Emira is a dominant owner of property in Menlyn. In March it spent R 403m on a 50% share in five buildings in Summit Place, a new office development. “We really like Menlyn as a node. We see it as the Sandton of Pretoria and will continue to invest in this growing area for years to come,” said van Biljon.
Gateway is now SA’s second-largest mall, at 166,636 m² and contains 362 stores. Sandton City follows next: it is 146,803 m² and has about 300 stores. Canal Walk is the largest shopping centre in the Western Cape, at 140,567m², with 412 stores.
Mall of Africa, located in the recently constructed Waterfall City in Midrand is 130,000m². It has about 300 stores.
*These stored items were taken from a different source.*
(* Let $\alpha\ge1/2$, $\lambda>0$, $0<a<b<1$, and let $X$ be an almost surely positive random variable. There exists a constant $A>0$ depending on the law of $X$ and on $\alpha,\lambda,a,b$ such that for all $(\tau,u)\in(a,b)\times(0,\infty)$, $$\big|\log g(\tau,u)\big|\le A+\frac{2\lambda u}{1-b}+|\alpha-1|\,|\log u|.$$
   Context: With $\mathbb{P}_X$ the law of $X$ and $I_\nu$ the modified Bessel function of the first kind, $g(\tau,u)=\frac{\lambda}{1-\tau}\big(\frac{u}{\tau}\big)^{\frac{\alpha-1}{2}}e^{-\frac{\lambda u}{1-\tau}}\int_0^\infty x^{-\frac{\alpha-1}{2}}e^{-\frac{\lambda\tau x}{1-\tau}}I_{\alpha-1}\big(\frac{2\lambda\sqrt{ux\tau}}{1-\tau}\big)\mathbb{P}_X(dx)$ (the density of the gamma smart path $X_\tau$). *)

theory Defs
  imports "HOL-Probability.Probability"
begin

definition besselI :: "real \<Rightarrow> real \<Rightarrow> real" where
  "besselI nu z = (\<Sum>k. (z / 2) powr (2 * real k + nu) / (fact k * Gamma (real k + nu + 1)))"

text \<open>Density of the gamma smart path X_tau, where PX is the law of X.\<close>
definition gamma_path_density ::
  "real measure \<Rightarrow> real \<Rightarrow> real \<Rightarrow> real \<Rightarrow> real \<Rightarrow> real" where
  "gamma_path_density PX \<alpha> lam \<tau> u =
     lam / (1 - \<tau>) * (u / \<tau>) powr ((\<alpha> - 1) / 2) * exp (- lam * u / (1 - \<tau>)) *
     (LINT x|PX. x powr (- (\<alpha> - 1) / 2) * exp (- lam * \<tau> * x / (1 - \<tau>)) *
        besselI (\<alpha> - 1) (2 * lam * sqrt (u * x * \<tau>) / (1 - \<tau>)))"

end

theory Submission
  imports Defs
begin

text \<open>For \<open>\<nu> = \<alpha> - 1 \<ge> -1/2\<close> the series of \<open>I\<^sub>\<nu>\<close> is dominated termwise by its first
  term times the series of \<open>cosh\<close>, so \<open>(z/2)\<^sup>\<nu>/\<Gamma>(\<nu>+1) \<le> I\<^sub>\<nu>(z) \<le> (z/2)\<^sup>\<nu>/\<Gamma>(\<nu>+1) e\<^sup>z\<close>.
  In the density the powers of \<open>x\<close> then cancel, and with \<open>c = \<lambda>/(1-\<tau>)\<close> and
  \<open>z \<le> c (u + \<tau> x)\<close> (AM-GM) the density is squeezed between
  \<open>c\<^sup>\<alpha> u\<^sup>\<alpha>\<^sup>-\<^sup>1/\<Gamma>(\<alpha>) e\<^sup>-\<^sup>c\<^sup>u E[e\<^sup>-\<^sup>d\<^sup>X]\<close> and \<open>c\<^sup>\<alpha> u\<^sup>\<alpha>\<^sup>-\<^sup>1/\<Gamma>(\<alpha>)\<close>, where
  \<open>d = \<lambda>b/(1-b) \<ge> c\<tau>\<close> works for all \<open>\<tau> < b\<close>. Taking logarithms, with \<open>c\<close> confined to
  \<open>[\<lambda>/(1-a), \<lambda>/(1-b)]\<close>, gives the bound.\<close>

lemma pochhammer_half_le:
  fixes a :: real
  assumes "1/2 \<le> a"
  shows "pochhammer (1/2) k \<le> pochhammer a k"
  unfolding pochhammer_prod using assms by (intro prod_mono) auto

lemma fact_double_le_pochhammer:
  fixes a :: real
  assumes "1/2 \<le> a"
  shows "fact (2 * k) \<le> 4 ^ k * fact k * pochhammer a k"
proof -
  have "(fact (2 * k) :: real) = 4 ^ k * fact k * pochhammer (1/2) k"
    by (simp add: fact_double power_mult)
  also have "\<dots> \<le> 4 ^ k * fact k * pochhammer a k"
    using pochhammer_half_le[OF assms] by (intro mult_left_mono) auto
  finally show ?thesis .
qed

lemma Gamma_add_of_nat:
  fixes z :: "'a :: Gamma"
  assumes "z \<notin> \<int>\<^sub>\<le>\<^sub>0"
  shows "Gamma (z + of_nat k) = pochhammer z k * Gamma z"
  using pochhammer_Gamma[OF assms, of k] Gamma_nonzero[OF assms] by simp

lemma cosh_sums_even: "(\<lambda>k. (z::real) ^ (2 * k) / fact (2 * k)) sums cosh z"
proof -
  have "(\<lambda>k. (\<lambda>n. if even n then z ^ n /\<^sub>R fact n else 0) (2 * k)) sums cosh z"
    by (subst sums_mono_reindex) (auto intro: strict_monoI cosh_converges)
  then show ?thesis by (simp add: divide_inverse_commute)
qed

lemma besselI_term_le:
  fixes \<nu> z :: real
  assumes "\<nu> \<ge> -1/2" and "z > 0"
  shows "(z / 2) powr (2 * real k + \<nu>) / (fact k * Gamma (real k + \<nu> + 1))
           \<le> (z / 2) powr \<nu> / Gamma (\<nu> + 1) * (z ^ (2 * k) / fact (2 * k))"
proof -
  have "\<nu> + 1 \<notin> \<int>\<^sub>\<le>\<^sub>0" and "Gamma (\<nu> + 1) > 0" and "pochhammer (\<nu> + 1) k > 0"
    using assms by (auto elim!: nonpos_Ints_cases intro: pochhammer_pos)
  have "(z / 2) powr (2 * real k) = z ^ (2 * k) / 4 ^ k"
    using powr_realpow[of "z / 2" "2 * k"] assms(2) by (simp add: power_divide power_mult)
  then have "(z / 2) powr (2 * real k + \<nu>) / (fact k * Gamma (real k + \<nu> + 1))
      = (z / 2) powr \<nu> / Gamma (\<nu> + 1) * (z ^ (2 * k) / (4 ^ k * fact k * pochhammer (\<nu> + 1) k))"
    using Gamma_add_of_nat[of "\<nu> + 1" k] \<open>\<nu> + 1 \<notin> \<int>\<^sub>\<le>\<^sub>0\<close>
    by (simp add: powr_add add_ac)
  also have "\<dots> \<le> (z / 2) powr \<nu> / Gamma (\<nu> + 1) * (z ^ (2 * k) / fact (2 * k))"
    using fact_double_le_pochhammer[of "\<nu> + 1" k] \<open>Gamma (\<nu> + 1) > 0\<close> \<open>pochhammer (\<nu> + 1) k > 0\<close> assms
    by (intro mult_left_mono divide_left_mono) auto
  finally show ?thesis .
qed

lemma besselI_bounds:
  fixes \<nu> z :: real
  assumes "\<nu> \<ge> -1/2" and "z > 0"
  shows besselI_ge: "(z / 2) powr \<nu> / Gamma (\<nu> + 1) \<le> besselI \<nu> z"
    and besselI_le: "besselI \<nu> z \<le> (z / 2) powr \<nu> / Gamma (\<nu> + 1) * exp z"
proof -
  define t where "t k = (z / 2) powr (2 * real k + \<nu>) / (fact k * Gamma (real k + \<nu> + 1))" for k
  define C where "C = (z / 2) powr \<nu> / Gamma (\<nu> + 1)"
  have t_nonneg: "0 \<le> t k" for k
    using assms unfolding t_def by (intro divide_nonneg_pos mult_pos_pos Gamma_real_pos) auto
  have t_le: "t k \<le> C * (z ^ (2 * k) / fact (2 * k))" for k
    unfolding t_def C_def using besselI_term_le[OF assms] .
  have majorant: "(\<lambda>k. C * (z ^ (2 * k) / fact (2 * k))) sums (C * cosh z)"
    by (intro sums_mult cosh_sums_even)
  have "summable t"
    using t_nonneg t_le by (intro summable_comparison_test[OF _ sums_summable[OF majorant]]) auto
  have besselI_eq: "besselI \<nu> z = suminf t"
    unfolding besselI_def t_def ..
  have "sum t {0} \<le> suminf t"
    using \<open>summable t\<close> t_nonneg by (intro sum_le_suminf) auto
  then show "C \<le> besselI \<nu> z"
    by (simp add: besselI_eq t_def C_def)
  have "suminf t \<le> C * cosh z"
    using suminf_le[OF t_le \<open>summable t\<close> sums_summable[OF majorant]] sums_unique[OF majorant] by simp
  also have "\<dots> \<le> C * exp z"
    using assms unfolding C_def by (intro mult_left_mono) (auto simp: cosh_def)
  finally show "besselI \<nu> z \<le> C * exp z"
    unfolding besselI_eq .
qed

lemma bessel_kernel_bounds:
  fixes \<nu> c t u x :: real
  assumes "\<nu> \<ge> -1/2" and "c > 0" and "t > 0" and "u > 0" and "x > 0"
  defines "K \<equiv> c powr \<nu> * (u * t) powr (\<nu> / 2) / Gamma (\<nu> + 1)"
  shows "K * exp (- c * t * x)
           \<le> x powr (- \<nu> / 2) * exp (- c * t * x) * besselI \<nu> (2 * c * sqrt (u * x * t))"
    and "x powr (- \<nu> / 2) * exp (- c * t * x) * besselI \<nu> (2 * c * sqrt (u * x * t))
           \<le> K * exp (c * u)"
proof -
  define z where "z = 2 * c * sqrt (u * x * t)"
  have "z > 0"
    using assms unfolding z_def by simp
  have "(z / 2) powr \<nu> = c powr \<nu> * (u * t) powr (\<nu> / 2) * x powr (\<nu> / 2)"
    using assms unfolding z_def
    by (simp add: powr_mult powr_half_sqrt[symmetric] powr_powr mult_ac)
  then have K_eq: "x powr (- \<nu> / 2) * ((z / 2) powr \<nu> / Gamma (\<nu> + 1)) = K"
    using assms(5) unfolding K_def by (simp add: powr_minus field_simps)
  have "0 \<le> K"
    using assms unfolding K_def by simp
  have "K * exp (- c * t * x) = x powr (- \<nu> / 2) * exp (- c * t * x) * ((z / 2) powr \<nu> / Gamma (\<nu> + 1))"
    unfolding K_eq[symmetric] by (simp add: mult_ac)
  also have "\<dots> \<le> x powr (- \<nu> / 2) * exp (- c * t * x) * besselI \<nu> z"
    using assms \<open>z > 0\<close> by (intro mult_left_mono besselI_ge) auto
  finally have "K * exp (- c * t * x) \<le> x powr (- \<nu> / 2) * exp (- c * t * x) * besselI \<nu> z" .
  then show "K * exp (- c * t * x)
      \<le> x powr (- \<nu> / 2) * exp (- c * t * x) * besselI \<nu> (2 * c * sqrt (u * x * t))"
    unfolding z_def .
  \<comment> \<open>AM-GM: the growth \<open>e\<^sup>z\<close> of the Bessel function is paid for by \<open>e\<^sup>-\<^sup>c\<^sup>t\<^sup>x\<close>.\<close>
  have "z \<le> c * (u + t * x)"
    using arith_geo_mean_sqrt[of u "x * t"] assms unfolding z_def by (simp add: mult_ac)
  have "x powr (- \<nu> / 2) * exp (- c * t * x) * besselI \<nu> z
      \<le> x powr (- \<nu> / 2) * exp (- c * t * x) * ((z / 2) powr \<nu> / Gamma (\<nu> + 1) * exp z)"
    using assms \<open>z > 0\<close> by (intro mult_left_mono besselI_le) auto
  also have "\<dots> = K * exp (- c * t * x + z)"
    unfolding K_eq[symmetric] exp_add by (simp add: mult_ac)
  also have "\<dots> \<le> K * exp (c * u)"
    using \<open>z \<le> c * (u + t * x)\<close> \<open>0 \<le> K\<close> by (intro mult_left_mono) (auto simp: algebra_simps)
  finally show "x powr (- \<nu> / 2) * exp (- c * t * x) * besselI \<nu> (2 * c * sqrt (u * x * t))
      \<le> K * exp (c * u)"
    unfolding z_def .
qed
It is, nevertheless, the largest mall to be built within a single phase. Durban’s The Pavillion is the next largest mall in SA, given its 120,000m² size. It is followed by Centurion Mall and Cresta, which are 105,000m², and 104,000m² respectively.
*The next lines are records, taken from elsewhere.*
definition slack_ideal ::
  "nat \<Rightarrow> nat \<Rightarrow> (nat \<Rightarrow> 'a::euclidean_space) \<Rightarrow> nat \<Rightarrow> (nat \<Rightarrow> 'a set) \<Rightarrow> (nat \<times> nat) mpoly set" where
  "slack_ideal d nv pv nf Fc =
     (let X = slack_vars nv pv nf Fc; R = poly_ring X in
      saturation R (ideal_gen R (minors (sym_slack pv Fc) nv nf (d + 2))) (\<Prod>x\<in>X. mvar x))"

text \<open>Variables s_i (vertices) and u_j (facets) of the target ring.\<close>
datatype su_var = SV nat | UV nat

text \<open>Exponent of the image of x^m under x_ij |-> s_i u_j.\<close>
definition toric_exp :: "((nat \<times> nat) \<Rightarrow>\<^sub>0 nat) \<Rightarrow> (su_var \<Rightarrow>\<^sub>0 nat)" where
  "toric_exp m = (\<Sum>ij\<in>Poly_Mapping.keys m.
      Poly_Mapping.single (SV (fst ij)) (Poly_Mapping.lookup m ij)
    + Poly_Mapping.single (UV (snd ij)) (Poly_Mapping.lookup m ij))"

text \<open>The C-algebra homomorphism x_ij |-> s_i u_j (extended linearly).\<close>
definition toric_map :: "(nat \<times> nat) mpoly \<Rightarrow> su_var mpoly" where
  "toric_map p = (\<Sum>m\<in>Poly_Mapping.keys p.
      Poly_Mapping.single (toric_exp m) (Poly_Mapping.lookup p m))"
text \<open>
  Count 3-term progressions by their middle term \<open>b\<close>: such a progression is determined by
  its left end, so there are at most \<open>min(#{below b}, #{above b})\<close> of them.
  Summing over the ranks of the elements gives a bound depending only on \<open>card V\<close>, attained by
  \<open>{0, \<dots>, n - 1}\<close>; hence \<open>V\<close> is optimal iff every \<open>b \<in> V\<close> attains its minimum.
  Deleting \<open>Min V\<close> changes nothing at centres with more elements above than below, so it can
  only destroy optimality at a centre \<open>b\<close> with more elements below, one of whose progressions
  starts at \<open>Min V\<close>. As \<open>b\<close> attains its minimum, reflection in \<open>b\<close> maps the left ends onto
  all elements above \<open>b\<close>, which forces \<open>Max V = 2b - Min V\<close>.
  By the symmetry \<open>x \<mapsto> -x\<close>, deleting \<open>Max V\<close> can only fail if the same midpoint of
  \<open>Min V\<close> and \<open>Max V\<close> has more elements above than below, so both deletions cannot fail.
\<close>

definition elems_below :: "real set \<Rightarrow> real \<Rightarrow> real set" where
  "elems_below V b = {a \<in> V. a < b}"

definition elems_above :: "real set \<Rightarrow> real \<Rightarrow> real set" where
  "elems_above V b = {c \<in> V. b < c}"

definition ap3_left_ends :: "real set \<Rightarrow> real \<Rightarrow> real set" where
  "ap3_left_ends V b = {a \<in> V. a < b \<and> 2 * b - a \<in> V}"

definition ap3_bound :: "nat \<Rightarrow> nat" where
  "ap3_bound n = (\<Sum>i<n. min i (n - 1 - i))"

lemma is_kAP_uminus_image:
  assumes "is_kAP k P"
  shows "is_kAP k (uminus ` P)"
proof -
  obtain a d where d: "d > 0" and P: "P = {a + real i * d | i. i < k}"
    using assms unfolding is_kAP_def by blast
  define a' where "a' = - a - real (k - 1) * d"
  have flip: "- (a + real i * d) = a' + real (k - 1 - i) * d" if "i < k" for i
    using that by (simp add: a'_def algebra_simps)
  have "uminus ` P = {a' + real i * d | i. i < k}"
  proof (intro equalityI subsetI)
    fix x assume "x \<in> uminus ` P"
    then obtain i where "i < k" "x = - (a + real i * d)" unfolding P by blast
    then show "x \<in> {a' + real i * d | i. i < k}"
      using flip by (intro CollectI exI[of _ "k - 1 - i"]) auto
  next
    fix x assume "x \<in> {a' + real i * d | i. i < k}"
    then obtain j where j: "j < k" "x = a' + real j * d" by blast
    then have "x = - (a + real (k - 1 - j) * d)" using flip[of "k - 1 - j"] by simp
    moreover have "a + real (k - 1 - j) * d \<in> P"
      unfolding P using j(1) by (intro CollectI exI[of _ "k - 1 - j"]) simp
    ultimately show "x \<in> uminus ` P" by blast
  qed
  then show ?thesis
    unfolding is_kAP_def using d by blast
qed
theorem lemma4:
  "\<exists>(P :: instr list) (c :: nat).
     \<forall>(R :: real set) (W :: real) (w :: nat \<Rightarrow> real) (sw :: nat \<Rightarrow> bool) (k :: nat)
       (outl :: nat \<Rightarrow> nat list) (inl :: nat \<Rightarrow> nat list).
       finite R \<and> (\<forall>r\<in>R. r > 0) \<and> sorted_listing W w sw k \<and>
       adj_lists k (nc_edge R W w sw k) outl inl \<longrightarrow>
       (let E = nc_edge R W w sw k;
            cf = run P k E outl inl (c * ((2*k + 2) + num_edges k E))
        in halted P cf \<and>
           (\<forall>p \<le> 2*k + 1.
              snd cf (2 * int p + 1) = int (lce_pos E k p) \<and>
              snd cf (2 * int p + 2) = (if dia_pos E k p then 1 else 0)))"
proof (intro exI[of _ prog] exI[of _ 100] allI impI)
  fix R :: "real set" and W :: real and w :: "nat \<Rightarrow> real" and sw :: "nat \<Rightarrow> bool" and k :: nat
    and outl inl :: "nat \<Rightarrow> nat list"
  assume "finite R \<and> (\<forall>r\<in>R. r > 0) \<and> sorted_listing W w sw k \<and>
       adj_lists k (nc_edge R W w sw k) outl inl"
  then have g: "spectrum_graph k (nc_edge R W w sw k)" and adj: "adj_lists k (nc_edge R W w sw k) outl inl"
    using spectrum_graph_nc_edge by blast+
  define E where "E = nc_edge R W w sw k"
  define cf where "cf = run prog k E outl inl (100 * ((2*k + 2) + num_edges k E))"
  have "halted prog cf \<and> ram.outputs_ready k E (snd cf)"
    unfolding cf_def run_def
  proof (rule machine.run_after_reaching_halt[OF ram.program_reaches_outputs])
    show "spectrum_graph k E" "adj_lists k E outl inl" using g adj unfolding E_def by simp_all
    show "halted prog (129, m)" for m by (simp add: halted_def prog_def)
  qed simp
  then show "let E = nc_edge R W w sw k; cf = run prog k E outl inl (100 * ((2*k + 2) + num_edges k E))
        in halted prog cf \<and> (\<forall>p \<le> 2*k + 1. snd cf (2 * int p + 1) = int (lce_pos E k p) \<and>
              snd cf (2 * int p + 2) = (if dia_pos E k p then 1 else 0))"
    using ram.outputs_ready_cells[of k E "snd cf"] unfolding Let_def E_def[symmetric] cf_def[symmetric]
    by blast
qed

end
lemma cyclic_weight_eq:
  "cyclic_weight t s = (if cyclically_independent s then t ^ card (empty_pairs s) else 0)"
proof (cases "cyclically_independent s")
  case True
  then have "cyclic_weight t s
      = (\<Prod>i<length s. if \<not> s ! i \<and> \<not> s ! ((i + 1) mod length s) then t else 1)"
    unfolding cyclic_weight_def cyclically_independent_def
    by (intro prod.cong) (auto simp: transfer_def)
  also have "\<dots> = t ^ card (empty_pairs s)"
    by (simp add: prod.If_cases empty_pairs_def Int_def)
  finally show ?thesis using True by simp
next
  case False
  then show ?thesis
    by (auto simp: cyclic_weight_def cyclically_independent_def transfer_def intro!: prod_zero)
qed

lemma path_weight_eq_prod: "path_weight t a ys = (\<Prod>i<length ys. transfer t ((a # ys) ! i) (ys ! i))"
proof (induction ys arbitrary: a)
  case (Cons y ys)
  show ?case by (simp only: length_Cons prod.lessThan_Suc_shift) (simp add: Cons)
qed simp

lemma cyclic_weight_Cons: "cyclic_weight t (a # xs) = path_weight t a (xs @ [a])"
  unfolding cyclic_weight_def path_weight_eq_prod
proof (rule prod.cong)
  fix i assume "i \<in> {..<length (xs @ [a])}"
  then have "i < length xs \<or> i = length xs" by auto
  then show "transfer t ((a # xs) ! i) ((a # xs) ! ((i + 1) mod length (a # xs)))
      = transfer t ((a # xs @ [a]) ! i) ((xs @ [a]) ! i)"
    by (auto simp: nth_append nth_Cons split: nat.split)
qed simp

lemma sum_cyclic_weight: "(\<Sum>s | length s = Suc n. cyclic_weight t s) = walk_trace t n"
  unfolding sum_bool_lists_length_Suc cyclic_weight_Cons walk_trace_def walk_sum_def
  by (simp add: UNIV_bool)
These shopping centres are all much smaller than many others in the developing world. SM Prime Holdings’ Mall of Asia in Pasay, Philippines, is being extended from 400,000m² to 700,000m² and is set to have 1,300 stores.
Stanlib’s head of listed property funds Keillen Ndlovu says the Mall of Dubai in the United Arab Emirates is about 502,000m².
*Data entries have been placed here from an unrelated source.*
lemma primitive_not_preserves_nontrivial_partition:
  assumes "primitive D G"
  shows "\<not> preserves_nontrivial_partition D G"
proof
  assume "preserves_nontrivial_partition D G"
  then obtain P b where P: "is_partition D P" "\<forall>B\<in>P. card B = b" "1 < b" "b < card D" "preserves G P"
    unfolding preserves_nontrivial_partition_def by blast
  then have "P \<noteq> {}" by (auto simp: is_partition_def)
  moreover have "P = {D} \<or> (\<forall>B\<in>P. card B = 1)" using assms P(1,5) by (simp add: primitive_def)
  ultimately show False using P(2-4) by auto
qed

lemma primitive_permutations:
  assumes "finite D" "2 \<le> card D"
  shows "primitive D {f. f permutes D}"
proof (rule primitiveI[OF assms perm_group_permutations])
  show "transitive_on D {f. f permutes D}"
    unfolding transitive_on_def
  proof (intro ballI)
    fix x y assume "x \<in> D" "y \<in> D"
    then have "transpose x y permutes D" by (rule permutes_swap_id)
    then show "\<exists>g\<in>{f. f permutes D}. g x = y" by force
  qed
  fix R assume R: "equiv D R" "invariant_rel {f. f permutes D} R"
  show "R = D \<times> D \<or> R = Id_on D"
  proof (cases "\<exists>x y. (x, y) \<in> R \<and> x \<noteq> y")
    case True
    then obtain x y where xy: "(x, y) \<in> R" "x \<noteq> y" by blast
    have "(x, z) \<in> R" if z: "z \<in> D" for z
    proof (cases "z = x")
      case True then show ?thesis using z R(1) by (simp add: equiv_def refl_on_def)
    next
      case False
      have "y \<in> D" using equiv_type[OF R(1)] xy(1) by blast
      then have "transpose y z permutes D" using z by (rule permutes_swap_id)
      then have "(transpose y z x, transpose y z y) \<in> R" using invariant_relD[OF R(2) _ xy(1)] by blast
      moreover have "transpose y z x = x" using xy(2) False by (simp add: transpose_def)
      ultimately show ?thesis by simp
    qed
    moreover obtain "sym R" "trans R" using R(1) by (rule equivE)
    ultimately have "(a, b) \<in> R" if "a \<in> D" "b \<in> D" for a b
      using symD[of R x a] transD[of R a x b] that by blast
    then have "R = D \<times> D" using equiv_type[OF R(1)] by auto
    then show ?thesis ..
  next
    case False
    then have "R \<subseteq> Id_on D" using equiv_type[OF R(1)] by (auto simp: Id_on_iff)
    moreover have "Id_on D \<subseteq> R" using R(1) by (auto simp: equiv_def refl_on_def)
    ultimately show ?thesis by blast
  qed
qed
In the rest of Africa, Egypt’s Cairo Festival City Mall boasts 168,000m² of space, while the Mall of Arabia, also in Cairo, has about 180,000m² of gross lettable area.
There have been concerns that SA is over-shopped and that too many malls are being opened, but landlords have found that many shoppers are choosing to visit larger centres once or twice a month instead of many smaller centres multiple times.
Smaller convenience centres struggled to hold on to small tenants, said Patrick Flanagan, head of development company Flanagan & Gerard.
“I think developers need to be careful. There are many shopping centres that have been announced which just won’t be sustainable in certain areas. Quite a few smaller centres are difficult to tenant in a slow-growth economy,” he said recently.
There are about 40 shopping centres sized 20,000m² or more that have been announced or are in production in SA, according to the Southern African Shopping Centre Directory of 2015.
This number will be updated when the next directory is released in 2017.
It normally takes developers a few years to plan, construct, and open a shopping centre, according to Finlay & Associates MD, Marianka Victor.
She said that developers tried to pre-empt how customers would perform years in advance. Malls are built to last a long time and through economic cycles, according to Victor.
She also said that developers looking a few years down the line were shifting their focus to small and convenience shopping centres, especially in rural or semi-rural areas, as demand increases in these historically undersupplied areas.
Victor said many of the malls she and her team have been managing are between 4,000m² and 8,000m² in size.
The company’s largest project was a new 20,000m² centre in Botshabelo in the Free State. “The Botshabelo mall is the largest mall in that rural area. It’s already 85% let,” she said. A major reason for developing the mall was that Botshabelo was an under-supplied town.
Flanagan said it made sense that developers had found opportunities in rural areas. These developers needed to be careful not to develop at the expense of existing urban centres, however, he said.
“A number of rural communities do not have the facilities, infrastructure, and development, including shopping, that allows them to be economical with their time, transport and other costs. These communities generally travel to more powerful nodes to fulfil their requirements.
“The result is likely to be that more centres will be developed to cater for these large rural communities and this will put further pressure on the more established urban areas, as the rural folk will no longer need to visit these remote, to them, locations and centres. All the more reason that care should be exercised by all involved in developing and investing in shopping centres in urban environments,” Flanagan said.